Im Sommer 1944 verbringt Gesine Cresspahl ein letztes Mal den Sommer bei den Paepckes auf Fischland. Ihr Onkel Alexander muss gleich und heimlich wieder abreisen, doch ohne ihn „schienen die Ferien nicht möglich“. Hilde muss alles übernehmen und die Ferien wie immer organisieren, schickt die Kinder Blaubeeren suchen und Unkraut jäten oder Briefe an den Vater schreiben. Sie rettet die Ferien, denn es „erwies sich, daß Ferien zu erfinden waren, hatte man sie einmal von Alexander gelernt“.

© Hanne Einloft-AchenbachBurkhard-Seitz-Weg 13, Ahrenshoop, Vorbild für das Haus auf Fischland der Paepckes

So war es für die kindliche Gesine. Die erwachsene weiß inzwischen, dass auch auf dem Fischland keine Idylle herrschte, sondern „auf der anderen Seite des Saaler Boddens“ das Konzentrationslager Barth lag, eine Außenstelle von Ravensbrück, wo männliche und weibliche Häftlinge Zwangsarbeit für die Heinkel-Flugzeugwerke leisten mussten. Sie weiß von der Liste verstorbener Häftlinge des tschechischen Arztes Dr.

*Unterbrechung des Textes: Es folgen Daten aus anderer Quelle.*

lemma Kcone_subset_Qnode:
  assumes "t \<le> T" "\<mu> \<in> A t" "\<omega> \<in> \<mu>"
  shows "Kcone \<pi> t \<omega> \<subseteq> Qnode \<Omega> A \<pi> T t \<mu>"
proof (cases "t = T")
  case True
  then show ?thesis using Qnode_last[of \<mu> \<omega>] assms by simp
next
  case False
  then have t: "t < T" using assms(1) by simp
  have "0 \<in> Qnode \<Omega> A \<pi> T (Suc t) \<nu>" if "\<nu> \<in> succ A t \<mu>" for \<nu>
    using polyhedral_cone_Qnode[of "Suc t" \<nu>] succ_subset[OF that] t
    by (simp add: convex_cone_contains_0)
  then have "Kcone \<pi> t \<omega> + {0} \<subseteq> Qnode \<Omega> A \<pi> T t \<mu>"
    unfolding Qnode_recursion[OF t assms(2,3)] by (intro set_plus_mono2) auto
  then show ?thesis by simp
qed

lemma nonneg_in_Qnode:
  assumes "t \<le> T" "\<mu> \<in> A t" "\<forall>j. 0 \<le> x $ j"
  shows "x \<in> Qnode \<Omega> A \<pi> T t \<mu>"
proof -
  obtain \<omega> where "\<omega> \<in> \<mu>" using atom_nonempty[OF assms(1,2)] by blast
  with assms show ?thesis
    by (intro subsetD[OF Kcone_subset_Qnode nonneg_in_Kcone])
qed

lemma Inter_succ_Qnode_subset:
  assumes "t < T" "\<mu> \<in> A t"
  shows "(\<Inter>\<nu>\<in>succ A t \<mu>. Qnode \<Omega> A \<pi> T (Suc t) \<nu>) \<subseteq> Qnode \<Omega> A \<pi> T t \<mu>"
proof -
  have "\<mu> \<noteq> {}" using atom_nonempty[of t \<mu>] assms by simp
  then obtain \<omega> where "\<omega> \<in> \<mu>" by blast
  then have "{0} + (\<Inter>\<nu>\<in>succ A t \<mu>. Qnode \<Omega> A \<pi> T (Suc t) \<nu>) \<subseteq> Qnode \<Omega> A \<pi> T t \<mu>"
    unfolding Qnode_recursion[OF assms \<open>\<omega> \<in> \<mu>\<close>] by (intro set_plus_mono2) auto
  then show ?thesis by simp
qed

lemma Ubd_subset_Zbd:
  assumes "t \<le> T"
  shows "Ubd \<Omega> A \<pi> T \<xi> t \<mu> \<subseteq> Zbd \<Omega> A \<pi> T \<xi> t \<mu>"
proof (cases "t = T")
  case True
  then show ?thesis by (simp add: Zbd_last)
next
  case False
  then have "t < T" using assms by simp
  show ?thesis
    unfolding Zbd_step[OF \<open>t < T\<close>] by (rule subset_trans[OF Un_upper1 hull_subset])
qed
(* Let $f:\mathbb{R}^d\to\mathbb{R}$ be convex with minimizer $\boldsymbol x_0=\mathop{\mathrm{argmin}}_{\boldsymbol x}f(\boldsymbol x)$, and suppose there exist $\rho>0$ and $r>0$ such that $f$ is twice differentiable on $B(\boldsymbol x_0,r)$ with $\nabla^2f(\boldsymbol x)\succeq\rho\boldsymbol I$ for all $\boldsymbol x\in B(\boldsymbol x_0,r)$. Then $$\|\boldsymbol u\|_2\ge\rho\min\{\|\boldsymbol x-\boldsymbol x_0\|_2,r\},\qquad\forall\boldsymbol u\in\partial f(\boldsymbol x),\ \boldsymbol x\in\mathbb{R}^d.$$ If moreover $g:\mathbb{R}^d\to\mathbb{R}$ is convex and $\lambda$-Lipschitz (w.r.t. $\|\cdot\|_2$) for some $\lambda<\rho r$, then $f+g$ has a unique minimizer and it belongs to $B(\boldsymbol x_0,\lambda/\rho)$.
   Context: $B(\boldsymbol x,r)$ is the closed Euclidean ball; $\partial f$ is the subdifferential. *)

theory Defs
  imports "HOL-Analysis.Analysis"
begin

definition subdifferential :: "('a::real_inner \<Rightarrow> real) \<Rightarrow> 'a \<Rightarrow> 'a set" where
  "subdifferential f x = {u. \<forall>y. f x + inner u (y - x) \<le> f y}"

definition is_minimizer :: "('a \<Rightarrow> real) \<Rightarrow> 'a \<Rightarrow> bool" where
  "is_minimizer f z \<longleftrightarrow> (\<forall>y. f z \<le> f y)"

end

theory Submission
  imports Defs
begin

(* Restricted to the ray from x0 through x, f has derivative 0 at x0 and second derivative at
   least rho while the ray stays in cball x0 r, so at distance s < min |x - x0| r its slope is at
   least rho s; by convexity the chord slope from there to x is at least as large, and a
   subgradient at x dominates that chord slope.  For the perturbation, moving a point z with
   |z - x0| > L / rho towards x0 decreases f faster than L while g grows at most at rate L, so
   every minimizer of f + g lies in cball x0 (L / rho), inside cball x0 r; there strong convexity
   of f makes the minimizer unique, and existence follows by compactness of cball x0 r. *)

lemma increment_ge_of_derivative_ge:
  fixes \<phi> \<phi>' :: "real \<Rightarrow> real"
  assumes "a \<le> b"
    and deriv: "\<And>t. t \<in> {a..b} \<Longrightarrow> (\<phi> has_real_derivative \<phi>' t) (at t within {a..b})"
    and bound: "\<And>t. t \<in> {a..b} \<Longrightarrow> c \<le> \<phi>' t"
  shows "c * (b - a) \<le> \<phi> b - \<phi> a"
proof -
  obtain t where t: "t \<in> {a..b}" "\<phi> b - \<phi> a = \<phi>' t * (b - a)"
    using mvt_very_simple[OF \<open>a \<le> b\<close>, of \<phi> "\<lambda>t h. \<phi>' t * h"] deriv
    by (auto simp: has_field_derivative_def)
  then show ?thesis
    using \<open>a \<le> b\<close> bound by (simp add: mult_right_mono)
qed

lemma quadratic_lower_bound_of_second_derivative_ge:
  fixes \<phi> \<phi>' \<phi>'' :: "real \<Rightarrow> real"
  assumes "a \<le> b"
    and deriv: "\<And>t. t \<in> {a..b} \<Longrightarrow> (\<phi> has_real_derivative \<phi>' t) (at t within {a..b})"
    and deriv2: "\<And>t. t \<in> {a..b} \<Longrightarrow> (\<phi>' has_real_derivative \<phi>'' t) (at t within {a..b})"
    and bound: "\<And>t. t \<in> {a..b} \<Longrightarrow> c \<le> \<phi>'' t"
  shows "\<phi> a + \<phi>' a * (b - a) + c / 2 * (b - a)\<^sup>2 \<le> \<phi> b"
proof -
  define \<psi> where "\<psi> t = \<phi> t - \<phi>' a * (t - a) - c / 2 * (t - a)\<^sup>2" for t
  have "(\<psi> has_real_derivative \<phi>' t - \<phi>' a - c * (t - a)) (at t within {a..b})"
    if "t \<in> {a..b}" for t
    unfolding \<psi>_def
    by (rule derivative_eq_intros deriv[OF that] refl | simp)+
  moreover have "0 \<le> \<phi>' t - \<phi>' a - c * (t - a)" if "t \<in> {a..b}" for t
  proof -
    have "c * (t - a) \<le> \<phi>' t - \<phi>' a"
      using that by (intro increment_ge_of_derivative_ge[where \<phi>' = \<phi>'']
          DERIV_subset[OF deriv2] bound) auto
    then show ?thesis by simp
  qed
  ultimately have "0 * (b - a) \<le> \<psi> b - \<psi> a"
    by (rule increment_ge_of_derivative_ge[OF \<open>a \<le> b\<close>])
  then show ?thesis
    by (simp add: \<psi>_def)
qed
lemma pcompose_scaled_prod_root_omega:
  assumes "p > 0"
  shows "pcompose (scaled_prod p (root_omega p 1) P) [:0, root_omega p 1:] =
           scaled_prod p (root_omega p 1) P"
proof -
  have "pcompose [:0, c:] [:0, d:] = [:0, c * d:]" for c d :: complex
    by (simp add: pcompose_pCons)
  then have "pcompose (scaled_prod p (root_omega p 1) P) [:0, root_omega p 1:] =
      (\<Prod>j<p. pcompose P [:0, root_omega p 1 ^ (1 * j + 1):])"
    by (simp add: scaled_prod_def pcompose_prod mult.commute flip: pcompose_assoc)
  also have "\<dots> = scaled_prod p (root_omega p 1) P"
    unfolding scaled_prod_def
    by (rule prod_root_omega_affine_reindex[OF assms, where T = "\<lambda>c. pcompose P [:0, c:]"]) simp
  finally show ?thesis .
qed

lemma coeff_scaled_prod_root_omega_eq_0:
  assumes "p > 0" and "\<not> p dvd n"
  shows "coeff (scaled_prod p (root_omega p 1) P) n = 0"
proof -
  let ?c = "coeff (scaled_prod p (root_omega p 1) P) n"
  have "?c = coeff (pcompose (scaled_prod p (root_omega p 1) P) [:0, root_omega p 1:]) n"
    by (simp only: pcompose_scaled_prod_root_omega[OF assms(1)])
  also have "\<dots> = root_omega p 1 ^ n * ?c"
    by (rule coeff_pcompose_linear)
  finally have "?c = root_omega p 1 ^ n * ?c" .
  moreover have "root_omega p 1 ^ n \<noteq> 1"
    using assms by (simp add: root_omega_power_eq_1_iff)
  ultimately show ?thesis
    by (simp add: mult_cancel_right1)
qed

lemma scaled_prod_root_omega_power:
  assumes "prime p" and "a \<in> {1..<p}"
  shows "scaled_prod p (root_omega p 1 ^ a) P = scaled_prod p (root_omega p 1) P"
proof -
  have "\<not> p dvd a"
    using assms(2) by (auto dest: dvd_imp_le)
  then have "coprime a p"
    using assms(1) coprime_commute prime_imp_coprime by blast
  then show ?thesis
    unfolding scaled_prod_def power_mult[symmetric]
    using prod_root_omega_affine_reindex[OF prime_gt_0_nat[OF assms(1)], of a _ 0] by simp
qed
theorem lemma8:
  fixes V :: "'a set" and E :: "'a \<Rightarrow> 'a \<Rightarrow> bool" and r :: 'a and Z :: "'a set"
  assumes "is_tree V E" and "r \<in> V"
  shows "(alpha V E > alpha (V - Z) E \<and> alpha_critical V E r \<longrightarrow>
            (\<exists>u\<in>Z \<inter> V. \<exists>v\<in>Z \<inter> V. alpha V E > alpha (V - {u, v}) E \<and> alpha_critical (V - {u, v}) E r)
          \<or> (\<exists>u\<in>Z \<inter> V. alpha V E > alpha (V - {u}) E \<and> \<not> alpha_critical (V - {u}) E r))
       \<and> (alpha V E = alpha (V - Z) E \<and> alpha_critical (V - Z) E r \<and> \<not> alpha_critical V E r \<longrightarrow>
            (\<exists>u\<in>Z \<inter> V. alpha_critical (V - {u}) E r))"
proof -
  have fin: "finite V" and sym: "\<forall>x y. E x y \<longrightarrow> E y x"
    and irrefl: "\<forall>x. \<not> E x x" and acyclic: "\<nexists>c. is_cycle V E c"
    using assms(1) unfolding is_tree_def simple_graph_def by auto
  obtain A where "bipartition V E A"
    using acyclic_bipartition[OF fin sym irrefl acyclic] by blast
  then obtain A where bip: "bipartition V E A" "r \<in> A"
    using bipartition_Compl by (metis ComplI)
  show ?thesis
    using bipartite_alpha_critical_drop[OF fin sym bip] bipartite_alpha_critical_gain[OF fin bip]
    by blast
qed

end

Stejskal, die 292 Menschen auflistet, die in Barth begraben liegen, wo sie auch mit der Tante in den Ferien war.

Nicht nur bezügliches ihres Ferienortes hat sich ihr Deutungshorizont geändert, weil sie der Erinnerung ihr aktuelles Wissen hinzufügt, auch dem Onkel gegenüber, der hat in der Sowjetunion für die Organisation Todt gearbeitet und „Zivilpersonen zur Arbeit … einweisen müssen, die die S.S. ihm aus der sowjetischen Bevölkerung zuführte“. Gesine erinnert sich an ein Spiel mit der Grenze zwischen Mecklenburg und Pommern, aber inzwischen weiß sie: „Es war nicht so“ oder zumindest war es auch noch anderes.

 

„Justiz in Mecklenburg währen des Nazikrieges“ (2. April 1968)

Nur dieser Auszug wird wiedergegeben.